28 Jun Sandwich Generation Needs Are Becoming a Mouthful
Finding yourself as part of the sandwich generation has always been a challenge; adults, traditionally women, may face the need to care for aging parents and young children simultaneously. But, what was once a difficult panini-like scenario of pressing needs has morphed into a triple- or sometimes quadruple-decker club sandwich that makes it hard to know where to begin. Many caregivers are caring for their parents while financially supporting adult children or young grandchildren, or even all three.
The situation shouldn’t be surprising when you consider the factors. Americans are living longer, as the average life expectancy has increased by 2.3 years from 2000 to 2019. The pandemic caused assisted living rates to rise 6.15% in 2020 and another 4.65% in 2021, according to a survey conducted by Genworth Financial. Inflation, high college tuition, and explosive APRs in the housing market mean more young adults are struggling to pay their bills and purchase a home. In July 2022, half of young adults aged 18-29 were either still living at home or had moved back in with their parents, compared to 38% in 2000. Piling it on, more people are waiting to have children until later in life, increasing the chances of overlap in caring for young children while caring for parents. This adds to the pressure faced by working parents who may find the caregiving overload coincides with statistically the most productive career years, from age 40-50. The result? Increased financial and emotional pressures, along with retirement-planning challenges. For many in the sandwich generation, the panini grill has morphed into a hydraulic press. So, what’s the solution?
Limit the Layers
Before you get stuck between a rock and a hard place, or, in this case, two slices of caregiving, there are some steps you can take to limit the pressure down the road.
Have conversations with your parents now about their financial plans for the future.
While it may be uncomfortable, financial gaps in their retirement or healthcare plans could lead to unfortunate consequences for them as well as you, including limited senior care options or running out of retirement funds. For help getting the ball rolling, visit our blog on conversation starters, and make sure to include long-term care insurance in your discussion.
Hold a family meeting to discuss financial expectations with your teens or adult children and your parents.
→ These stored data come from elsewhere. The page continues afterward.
lemma affine_ratio_monomial_flip:
  assumes "simple_graph n s E" "0 < s" "S \<subseteq> {..<s}"
  shows "affine_ratio_monomial s E S (x(v := - x v))
    = (-1) ^ card {k\<in>S. v \<in> E k} * (if v \<in> E 0 then -1 else 1) ^ card S
      * affine_ratio_monomial s E S (x::nat \<Rightarrow> 'k::field)"
proof -
  define \<sigma> where "\<sigma> k = (if v \<in> E k then -1 else (1::'k))" for k
  have "affine_ratio_monomial s E S (x(v := - x v))
      = (\<Prod>k\<in>S. (\<sigma> k * \<sigma> 0) * (edge_point s E x k / edge_point s E x 0))"
    unfolding affine_ratio_monomial_def
  proof (rule prod.cong)
    fix k
    assume "k \<in> S"
    then show "edge_point s E (x(v := - x v)) k / edge_point s E (x(v := - x v)) 0
        = \<sigma> k * \<sigma> 0 * (edge_point s E x k / edge_point s E x 0)"
      using edge_point_flip[OF assms(1), of k x v] edge_point_flip[OF assms(1) assms(2), of x v] assms(3)
      by (auto simp: \<sigma>_def)
  qed simp
  also have "\<dots> = (\<Prod>k\<in>S. \<sigma> k) * \<sigma> 0 ^ card S * affine_ratio_monomial s E S x"
    by (simp only: affine_ratio_monomial_def prod.distrib prod_constant)
  also have "(\<Prod>k\<in>S. \<sigma> k) = (-1) ^ card {k\<in>S. v \<in> E k}"
    using finite_subset[OF assms(3)] by (simp add: \<sigma>_def prod.If_cases Int_def conj_commute)
  finally show ?thesis
    by (simp only: \<sigma>_def)
qed

lemma affine_ratio_monomial_sign_torus_square:
  assumes "simple_graph n s E" "0 < s" "S \<subseteq> {..<s}" "x \<in> sign_torus n"
  shows "(affine_ratio_monomial s E S x)\<^sup>2 = (1::'k::field)"
proof -
  have "(edge_point s E x k / edge_point s E x 0)\<^sup>2 = (1::'k)" if "k \<in> S" for k
    using that assms edge_point_sign_torus_square[OF assms(1) _ assms(4)]
    by (auto simp: power_divide)
  then show ?thesis
    by (simp add: affine_ratio_monomial_def prod_power_distrib)
qed

definition parity_sets :: "nat \<Rightarrow> nat \<Rightarrow> nat set set" where
  "parity_sets s d = {S. S \<subseteq> {..<s} \<and> card S \<le> d \<and> even (d - card S)}"

lemma affine_ratio_monomial_orthogonal:
  assumes "simple_graph n s E" "0 < s" and two: "(2::'k::field) \<noteq> 0"
    and no_even_eulerian: "\<not> (\<exists>I. eulerian_edge_set n s E I \<and> I \<noteq> {} \<and> even (card I))"
    and "S \<in> parity_sets s d" "S' \<in> parity_sets s d" "S \<noteq> S'"
  shows "(\<Sum>x\<in>sign_torus n. affine_ratio_monomial s E S x * affine_ratio_monomial s E S' x) = (0::'k)"
proof -
  define D where "D = (S - S') \<union> (S' - S)"
  have sub: "S \<subseteq> {..<s}" "S' \<subseteq> {..<s}"
    using assms(5,6) unfolding parity_sets_def by auto
  then have fin: "finite S" "finite S'"
    using finite_subset by blast+
  have even_sum: "even (card S + card S')"
    using assms(5,6) unfolding parity_sets_def by auto
  have "even (card D)"
    using card_add_card_eq_sym_diff[OF fin] even_sum unfolding D_def by presburger
  moreover have "D \<noteq> {}" "D \<subseteq> {..<s}"
    using \<open>S \<noteq> S'\<close> sub unfolding D_def by auto
  ultimately obtain v where v: "v \<in> {1..n}" "odd (card {k\<in>D. v \<in> E k})"
    using no_even_eulerian unfolding eulerian_edge_set_def by blast
  have "({k\<in>S. v \<in> E k} - {k\<in>S'. v \<in> E k}) \<union> ({k\<in>S'. v \<in> E k} - {k\<in>S. v \<in> E k})
      = {k\<in>D. v \<in> E k}"
    unfolding D_def by blast
  then have "odd (card {k\<in>S. v \<in> E k} + card {k\<in>S'. v \<in> E k})"
    using card_add_card_eq_sym_diff[of "{k\<in>S. v \<in> E k}" "{k\<in>S'. v \<in> E k}"] fin v(2) by simp
  then have sign: "(-1::'k) ^ card {k\<in>S. v \<in> E k} * (-1) ^ card {k\<in>S'. v \<in> E k} = -1"
    by (simp add: power_add[symmetric])
  have sign0: "(if v \<in> E 0 then -1 else 1::'k) ^ card S * (if v \<in> E 0 then -1 else 1) ^ card S' = 1"
    using even_sum by (simp add: power_add[symmetric])
  show ?thesis
  proof (rule sum_sign_reversing_involution[where \<sigma>="\<lambda>x. x(v := - x v)", OF _ _ _ two])
    show "x(v := - x v) \<in> sign_torus n" if "x \<in> sign_torus n" for x :: "nat \<Rightarrow> 'k"
      using sign_torus_flip[OF that v(1)] .
    show "(x(v := - x v))(v := - (x(v := - x v)) v) = x" for x :: "nat \<Rightarrow> 'k"
      by simp
    show "affine_ratio_monomial s E S (x(v := - x v)) * affine_ratio_monomial s E S' (x(v := - x v))
        = - (affine_ratio_monomial s E S x * affine_ratio_monomial s E S' x)" for x :: "nat \<Rightarrow> 'k"
      unfolding affine_ratio_monomial_flip[OF assms(1,2) sub(1)] affine_ratio_monomial_flip[OF assms(1,2) sub(2)]
      using sign sign0 by (simp add: algebra_simps)
  qed
qed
Remember: the goal isn’t to leave everyone feeling like there’s a dollar amount on your love but to encourage healthy relationships, wise financial decisions, and an environment that acknowledges everyone’s needs.
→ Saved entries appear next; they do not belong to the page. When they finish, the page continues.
(* Let $k\in\mathbb{R}_{\ge0}$, let $(x_j,y_j,z_j)$ be a triple of the classical Euclid tree and $(X_j,Y_j,Z_j)$ the corresponding triple of the $k$-generalized Euclid tree, with comparison triple $(l_j,m_j,n_j)=(X_j/x_j,Y_j/y_j,Z_j/z_j)$. For $i\in\{1,2,3\}$ let $(l_{j+1},m_{j+1},n_{j+1})$ be the comparison triple of $\mathcal{M}_i(x_j,y_j,z_j)$ and $\mathcal{M}_{i;k}(X_j,Y_j,Z_j)$. Then: (1) if $m_j<n_j$ and $i=1$: $l_{j+1}\in[m_j,n_j]\iff k\le y_j(n_j-m_j)$; (2) if $n_j<m_j$ and $i=1$: $l_{j+1}\in[n_j,m_j]\iff k\le z_j(m_j-n_j)$; (3) if $l_j<n_j$ and $i=2$: $m_{j+1}\in[l_j,n_j]\iff k\le x_j(n_j-l_j)$; (4) if $n_j<l_j$ and $i=2$: $m_{j+1}\in[n_j,l_j]\iff k\le z_j(l_j-n_j)$; (5) if $l_j<m_j$ and $i=3$: $n_{j+1}\in[l_j,m_j]\iff k\le x_j(m_j-l_j)$; (6) if $m_j<l_j$ and $i=3$: $n_{j+1}\in[m_j,l_j]\iff k\le y_j(l_j-m_j)$. Moreover, if the inequality for $k$ holds strictly, the mutated component lies in the corresponding open interval.
   Context: For $k\in\mathbb{R}_{\ge0}$: $\mathcal{M}_{1;k}(X,Y,Z)=(k+Y+Z,Y,Z)$, $\mathcal{M}_{2;k}(X,Y,Z)=(X,k+X+Z,Z)$, $\mathcal{M}_{3;k}(X,Y,Z)=(X,Y,k+X+Y)$ on $\mathbb{R}_+^3$, and $\mathcal{M}_i=\mathcal{M}_{i;0}$. The classical Euclid tree consists of the triples obtained from a $0$-initial triple $(a,b,c)\in\mathbb{R}_+^3$ by compositions of $\mathcal{M}_i$ along finite reduced sequences (consecutive indices distinct), and the $k$-generalized Euclid tree those obtained from a $k$-initial triple $(A,B,C)\in\mathbb{R}_+^3$ ($A\ne B+C+k$, $B\ne A+C+k$, $C\ne A+B+k$) by compositions of $\mathcal{M}_{i;k}$; corresponding triples are those obtained by the same sequence of indices. *)

theory Defs
  imports Main "HOL.Real"
begin

type_synonym triple = "real \<times> real \<times> real"

text \<open>The mutation M_{i;k}; M_i is M_{i;0}.\<close>
fun mut :: "real \<Rightarrow> nat \<Rightarrow> triple \<Rightarrow> triple" where
  "mut k i (X, Y, Z) =
     (if i = 1 then (k + Y + Z, Y, Z)
      else if i = 2 then (X, k + X + Z, Z)
      else if i = 3 then (X, Y, k + X + Y)
      else (X, Y, Z))"

definition mut_seq :: "real \<Rightarrow> nat list \<Rightarrow> triple \<Rightarrow> triple" where
  "mut_seq k s t = foldl (\<lambda>u i. mut k i u) t s"

definition reduced_seq :: "nat list \<Rightarrow> bool" where
  "reduced_seq s \<longleftrightarrow> set s \<subseteq> {1,2,3} \<and> (\<forall>j. Suc j < length s \<longrightarrow> s ! j \<noteq> s ! Suc j)"

definition pos_triple :: "triple \<Rightarrow> bool" where
  "pos_triple t \<longleftrightarrow> (case t of (A, B, C) \<Rightarrow> A > 0 \<and> B > 0 \<and> C > 0)"

definition k_initial :: "real \<Rightarrow> triple \<Rightarrow> bool" where
  "k_initial k t \<longleftrightarrow> pos_triple t \<and>
     (case t of (A, B, C) \<Rightarrow> A \<noteq> B + C + k \<and> B \<noteq> A + C + k \<and> C \<noteq> A + B + k)"

fun comp_triple :: "triple \<Rightarrow> triple \<Rightarrow> triple" where
  "comp_triple (x, y, z) (X, Y, Z) = (X / x, Y / y, Z / z)"

end

theory Submission
  imports Defs
begin

text \<open>Mutation i replaces the i-th comparison entry by the mean of the other two, weighted by
  the corresponding classical coordinates and shifted by k divided by the sum of those weights.
  Such a value always exceeds the smaller of the two entries, and it stays below the larger one
  exactly while k is at most the gap times the weight of the smaller entry. The argument needs
  only positivity of the classical triple, which mutations preserve.\<close>

lemma shifted_weighted_mean_bounds:
  fixes k p q u v :: real
  assumes "u > 0" "v > 0" "p < q" "k \<ge> 0"
  shows "(k + p * u + q * v) / (u + v) \<in> {p..q} \<longleftrightarrow> k \<le> u * (q - p)"
    and "k < u * (q - p) \<Longrightarrow> (k + p * u + q * v) / (u + v) \<in> {p<..<q}"
proof -
  define w where "w = (k + p * u + q * v) / (u + v)"
  have "w - p = (k + (q - p) * v) / (u + v)"
    using assms by (simp add: w_def field_simps)
  also have "\<dots> > 0"
    using assms by (intro divide_pos_pos add_nonneg_pos mult_pos_pos) auto
  finally have above: "p < w"
    by simp
  have below: "q - w = (u * (q - p) - k) / (u + v)"
    using assms by (simp add: w_def field_simps)
  have "0 \<le> q - w \<longleftrightarrow> 0 \<le> u * (q - p) - k" "0 < q - w \<longleftrightarrow> 0 < u * (q - p) - k"
    unfolding below using assms by (simp_all add: zero_le_divide_iff zero_less_divide_iff)
  then have "w \<le> q \<longleftrightarrow> k \<le> u * (q - p)" "w < q \<longleftrightarrow> k < u * (q - p)"
    by simp_all
  with above show "w \<in> {p..q} \<longleftrightarrow> k \<le> u * (q - p)" "k < u * (q - p) \<Longrightarrow> w \<in> {p<..<q}"
    by auto
qed

lemma pos_triple_mut: "k \<ge> 0 \<Longrightarrow> pos_triple t \<Longrightarrow> pos_triple (mut k i t)"
  by (cases t) (auto simp: pos_triple_def)

lemma pos_triple_mut_seq: "k \<ge> 0 \<Longrightarrow> pos_triple t \<Longrightarrow> pos_triple (mut_seq k s t)"
  by (induction s arbitrary: t) (simp_all add: mut_seq_def pos_triple_mut)

lemma comp_triple_mut:
  fixes x y z l m n :: real
  assumes "x > 0" "y > 0" "z > 0"
  shows "comp_triple (mut 0 1 (x, y, z)) (mut k 1 (l * x, m * y, n * z))
           = ((k + m * y + n * z) / (y + z), m, n)"
    and "comp_triple (mut 0 2 (x, y, z)) (mut k 2 (l * x, m * y, n * z))
           = (l, (k + l * x + n * z) / (x + z), n)"
    and "comp_triple (mut 0 3 (x, y, z)) (mut k 3 (l * x, m * y, n * z))
           = (l, m, (k + l * x + m * y) / (x + y))"
  using assms by (simp_all add: add.assoc)

theorem lemma4p2:
  fixes k :: real and s :: "nat list" and i :: nat
    and a b c A B C x y z X Y Z l m n l' m' n' :: real
  assumes hk: "k \<ge> 0"
    and init0: "k_initial 0 (a, b, c)"
    and initk: "k_initial k (A, B, C)"
    and red: "reduced_seq s"
    and cl: "mut_seq 0 s (a, b, c) = (x, y, z)"
    and gen: "mut_seq k s (A, B, C) = (X, Y, Z)"
    and cmp: "comp_triple (x, y, z) (X, Y, Z) = (l, m, n)"
    and hi: "i \<in> {1, 2, 3}"
    and cmp': "comp_triple (mut 0 i (x, y, z)) (mut k i (X, Y, Z)) = (l', m', n')"
  shows
   "(m < n \<and> i = 1 \<longrightarrow> (l' \<in> {m..n} \<longleftrightarrow> k \<le> y * (n - m)) \<and> (k < y * (n - m) \<longrightarrow> l' \<in> {m<..<n})) \<and>
    (n < m \<and> i = 1 \<longrightarrow> (l' \<in> {n..m} \<longleftrightarrow> k \<le> z * (m - n)) \<and> (k < z * (m - n) \<longrightarrow> l' \<in> {n<..<m})) \<and>
    (l < n \<and> i = 2 \<longrightarrow> (m' \<in> {l..n} \<longleftrightarrow> k \<le> x * (n - l)) \<and> (k < x * (n - l) \<longrightarrow> m' \<in> {l<..<n})) \<and>
    (n < l \<and> i = 2 \<longrightarrow> (m' \<in> {n..l} \<longleftrightarrow> k \<le> z * (l - n)) \<and> (k < z * (l - n) \<longrightarrow> m' \<in> {n<..<l})) \<and>
    (l < m \<and> i = 3 \<longrightarrow> (n' \<in> {l..m} \<longleftrightarrow> k \<le> x * (m - l)) \<and> (k < x * (m - l) \<longrightarrow> n' \<in> {l<..<m})) \<and>
    (m < l \<and> i = 3 \<longrightarrow> (n' \<in> {m..l} \<longleftrightarrow> k \<le> y * (l - m)) \<and> (k < y * (l - m) \<longrightarrow> n' \<in> {m<..<l}))"
proof -
  have "pos_triple (x, y, z)"
    using pos_triple_mut_seq[of 0 "(a, b, c)" s] init0 cl by (simp add: k_initial_def)
  then have pos: "x > 0" "y > 0" "z > 0"
    by (auto simp: pos_triple_def)
  with cmp have "(X, Y, Z) = (l * x, m * y, n * z)"
    by auto
  with cmp' comp_triple_mut[OF pos, of k l m n]
  have l': "i = 1 \<Longrightarrow> l' = (k + m * y + n * z) / (y + z)"
    and m': "i = 2 \<Longrightarrow> m' = (k + l * x + n * z) / (x + z)"
    and n': "i = 3 \<Longrightarrow> n' = (k + l * x + m * y) / (x + y)"
    by auto
  note bounds = shifted_weighted_mean_bounds[OF _ _ _ hk]
  show ?thesis
    using l' m' n' pos
      bounds[of y z m n] bounds[of z y n m] bounds[of x z l n]
      bounds[of z x n l] bounds[of x y l m] bounds[of y x m l]
    by (simp add: ac_simps)
qed

end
Start saving for your children’s education now.
529s, ESAs, and custodial accounts are all great options for stretching your money further, which, in turn, lessens the financial burden of college expenses for you and your children down the road. They may still ask for your assistance, but saving early can enable you to help more effectively. If your kids are in high school, research scholarships and school options that fit your budget.
Stop the (Sandwich) Press
If you’re in the thick of it, it’s easy to feel overwhelmed by day-to-day demands on your finances, time, and energy. You’re not alone! Small steps can help lessen the squeeze.
Review your budget.
Helping cover expenses for your parents and adult children, as well as working less to focus on caregiving, means your budget is likely due for a makeover. Make sure you’re cutting spending as needed and still able to pay off any debt.
Don’t stop saving.
It may feel overwhelming to continue saving for retirement while facing increased financial demands, but reducing your saving is much better than cutting it out entirely. Like the proverbial airline instructions, you need to put your own oxygen mask on first before assisting others. Neglecting your own savings can result in putting your children in the same situation you’re in now.
Review your taxes.
Reducing what you owe through deductions or tax credits can help lessen the financial strain. If you pass certain requirements, you may be able to claim your parents as dependents. You may also qualify for caregiver expense deductions, like modifying your home to make it wheelchair accessible.
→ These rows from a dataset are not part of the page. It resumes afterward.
text \<open>Right multiplication by \<open>x\<^sub>4\<close> on the odd part is \<open>1 - \<alpha> R(x\<^sub>3)\<close>; evaluating its image at a
  preimage of \<open>y\<^sub>1\<close> in the \<open>y\<^sub>1\<close>-coordinate gives the normalisation.\<close>
lemma m_3_3: "m 3 3 = 1"
proof -
  obtain y where y: "y \<in> V8_odd" "f y = basis_vec 4"
    using odd_preimage[OF basis_vec_odd[of 4]] by auto
  have V: "basis_vec 2 \<in> V8" "basis_vec 3 \<in> V8" "y \<in> V8" "Bmult a1 y (basis_vec 2) \<in> V8"
    using y V8_odd_subset by (auto simp: basis_vec_in_V8 Bmult_in_V8)
  have "Bmult a2 (basis_vec 4) (m 3) = f (Bmult a1 y (basis_vec 3))"
    using f_Bmult V y by metis
  also have "\<dots> = (\<lambda>k. 1 * basis_vec 4 k + (- a1) * Bmult a2 (basis_vec 4) (m 2) k)"
    using Bmult_odd_x4[OF y(1)] f_lincomb[OF V(3,4)] f_Bmult[OF V(3,1)] y(2) by metis
  finally have "m 3 2 + m 3 3 * (1 - a2) = 1 - a1 * (m 2 2 + m 2 3 * (1 - a2))"
    by (drule_tac fun_cong[of _ _ 4]) (simp add: Bmult_4 basis_vec_def)
  then show ?thesis
    using m3_coords m_coord_3[of 2] by (simp add: algebra_simps)
qed

definition proj12_image :: "(nat \<Rightarrow> complex) \<Rightarrow> nat \<Rightarrow> complex" where
  "proj12_image w = (\<lambda>k. (Bmult a2 (m 3) w k + a1 * Bmult a2 w (m 2) k) / 2)"

lemma f_proj12:
  assumes y: "y \<in> V8_odd"
  shows "f (proj12 y) = proj12_image (f y)"
proof -
  have V: "basis_vec 2 \<in> V8" "basis_vec 3 \<in> V8" "y \<in> V8" "proj12 y \<in> V8"
    using y proj12_odd[OF y] V8_odd_subset by (auto simp: basis_vec_in_V8)
  have "(\<lambda>k. 2 * f (proj12 y) k) = f (\<lambda>k. 2 * proj12 y k)"
    using f_scale[OF V(4)] by simp
  also have "\<dots> = (\<lambda>k. 1 * Bmult a2 (m 3) (f y) k + a1 * Bmult a2 (f y) (m 2) k)"
    using Bmult_x4_odd_plus_odd_x3[OF y, of a1, symmetric] f_lincomb[OF Bmult_in_V8 Bmult_in_V8]
      f_Bmult[OF V(2,3)] f_Bmult[OF V(3,1)] by metis
  finally show ?thesis
    unfolding proj12_image_def by (auto simp: fun_eq_iff field_simps)
qed

text \<open>\<open>proj12_image\<close> is \<open>f \<circ> proj12 \<circ> f\<inverse>\<close> on the odd part, hence idempotent there;
  evaluating this at \<open>y\<^sub>1\<close> and \<open>y\<^sub>2\<close> gives polynomial constraints on \<open>f(x\<^sub>3)\<close>.\<close>
lemma m2_constraints: "a1 * m 2 0 = 0" "a1 * m 2 1 = 0" "a1 * m 2 2 = a2"
proof -
  obtain y4 where y4: "y4 \<in> V8_odd" "f y4 = basis_vec 4"
    using odd_preimage[OF basis_vec_odd[of 4]] by auto
  obtain y5 where y5: "y5 \<in> V8_odd" "f y5 = basis_vec 5"
    using odd_preimage[OF basis_vec_odd[of 5]] by auto
  note Z = m_3_3 m_coord_3[of 2] m_even_coords
  define z where "z = proj12 y4"
  have zo: "z \<in> V8_odd"
    using proj12_odd y4 z_def by simp
  have fz: "f z = proj12_image (basis_vec 4)"
    using f_proj12[OF y4(1)] y4(2) z_def by simp
  have fz_idem: "f z = proj12_image (f z)"
    using f_proj12[OF zo] proj12_idem z_def by simp
  have fz_even: "f z 3 = 0" "f z 2 = 0" "f z 1 = 0" "f z 0 = 0"
    using V8_oddD[OF f_odd[OF zo]] by auto
  have A1: "f z 4 = ((2 - a2) + a1 * m 2 2) / 2"
    using fz Z by (simp add: proj12_image_def Bmult_coords basis_vec_def)
  have A2: "f z 5 = a1 * m 2 0 / 2"
    using fz Z by (simp add: proj12_image_def Bmult_coords basis_vec_def)
  have A3: "f z 4 = ((2 - a2) * f z 4 + a1 * (m 2 2 * f z 4 + m 2 1 * f z 5)) / 2"
    using fun_cong[OF fz_idem, of 4] Z fz_even by (simp add: proj12_image_def Bmult_coords algebra_simps)
  have A4: "f z 5 = ((2 + a2) * f z 5 + a1 * (m 2 0 * f z 4 - m 2 2 * f z 5)) / 2"
    using fun_cong[OF fz_idem, of 5] Z fz_even by (simp add: proj12_image_def Bmult_coords algebra_simps)
  define z' where "z' = proj12 y5"
  have zo': "z' \<in> V8_odd"
    using proj12_odd y5 z'_def by simp
  have fz': "f z' = proj12_image (basis_vec 5)"
    using f_proj12[OF y5(1)] y5(2) z'_def by simp
  have fz'_idem: "f z' = proj12_image (f z')"
    using f_proj12[OF zo'] proj12_idem z'_def by simp
  have fz'_even: "f z' 3 = 0" "f z' 2 = 0" "f z' 1 = 0" "f z' 0 = 0"
    using V8_oddD[OF f_odd[OF zo']] by auto
  have B1: "f z' 4 = a1 * m 2 1 / 2"
    using fz' Z by (simp add: proj12_image_def Bmult_coords basis_vec_def)
  have B2: "f z' 5 = ((2 + a2) - a1 * m 2 2) / 2"
    using fz' Z by (simp add: proj12_image_def Bmult_coords basis_vec_def)
  have B3: "f z' 4 = ((2 - a2) * f z' 4 + a1 * (m 2 2 * f z' 4 + m 2 1 * f z' 5)) / 2"
    using fun_cong[OF fz'_idem, of 4] Z fz'_even by (simp add: proj12_image_def Bmult_coords algebra_simps)
  have B4: "f z' 5 = ((2 + a2) * f z' 5 + a1 * (m 2 0 * f z' 4 - m 2 2 * f z' 5)) / 2"
    using fun_cong[OF fz'_idem, of 5] Z fz'_even by (simp add: proj12_image_def Bmult_coords algebra_simps)
  show C1: "a1 * m 2 0 = 0"
    using A1 A2 A4 by algebra
  show C2: "a1 * m 2 1 = 0"
    using B1 B2 B3 by algebra
  show "a1 * m 2 2 = a2"
    using A1 A2 A3 B1 B2 B4 C1 C2 by algebra
qed

lemma distinct_params_even_images:
  assumes "a1 \<noteq> a2"
  shows "a1 \<noteq> 0" "a2 = - a1"
    and "m 2 0 = 0" "m 2 1 = 0" "m 2 2 = -1" "m 2 3 = 0"
    and "m 3 0 = 0" "m 3 1 = 0" "m 3 2 = 0" "m 3 3 = 1"
proof -
  show a1: "a1 \<noteq> 0"
    using m2_constraints(3) assms by auto
  show m20: "m 2 0 = 0" and m21: "m 2 1 = 0"
    using m2_constraints a1 by auto
  then have "(m 2 2)\<^sup>2 = 1"
    using m3_coords(3) m_3_3 by simp
  then have "m 2 2 = 1 \<or> m 2 2 = -1"
    by (simp add: power2_eq_1_iff)
  then show m22: "m 2 2 = -1"
    using m2_constraints(3) assms by auto
  then show a2: "a2 = - a1"
    using m2_constraints(3) by simp
  show "m 2 3 = 0"
    using m_coord_3 by simp
  show "m 3 0 = 0" "m 3 1 = 0" "m 3 2 = 0" "m 3 3 = 1"
    using m3_coords(1,2,4) m_3_3 m20 m21 m22 a2 by simp_all
qed

lemma m_odd_nonzero:
  assumes "4 \<le> j" "j < 8" "\<And>k. 4 \<le> k \<Longrightarrow> k < 8 \<Longrightarrow> k \<noteq> i \<Longrightarrow> m j k = 0"
  shows "m j i \<noteq> 0"
proof
  assume mji: "m j i = 0"
  have "m j k = 0" for k
  proof (cases "4 \<le> k \<and> k < 8")
    case True
    then show ?thesis
      using assms(3) mji by (cases "k = i") auto
  qed (use m_odd_coord assms(1,2) in auto)
  then have "basis_vec j = (\<lambda>k. 0)"
    using f_eq_zero_imp[OF basis_vec_in_V8[OF assms(2)]] by (simp add: fun_eq_iff)
  then have "basis_vec j j = 0"
    by simp
  then show False
    by (simp add: basis_vec_def)
qed

lemma between_4_8_cases: "4 \<le> k \<Longrightarrow> k < (8::nat) \<Longrightarrow> k = 4 \<or> k = 5 \<or> k = 6 \<or> k = 7"
  by auto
Go over Social Security and Medicare with your parents to help them determine when to start taking Social Security benefits and compare healthcare options.
Having the right Medicare plan and enrolling at the proper times can save you money. It’s also a good
idea to examine your own financial plan and see how Social Security fits into your strategy.
While the needs may feel like they’re closing in faster than you can meet them, having a plan that you can work on one day at a time is a step in the right direction. Your financial advisor is a valuable resource and cheerleader who can help you ease the pressure and take caregiving one (manageable) bite at a time.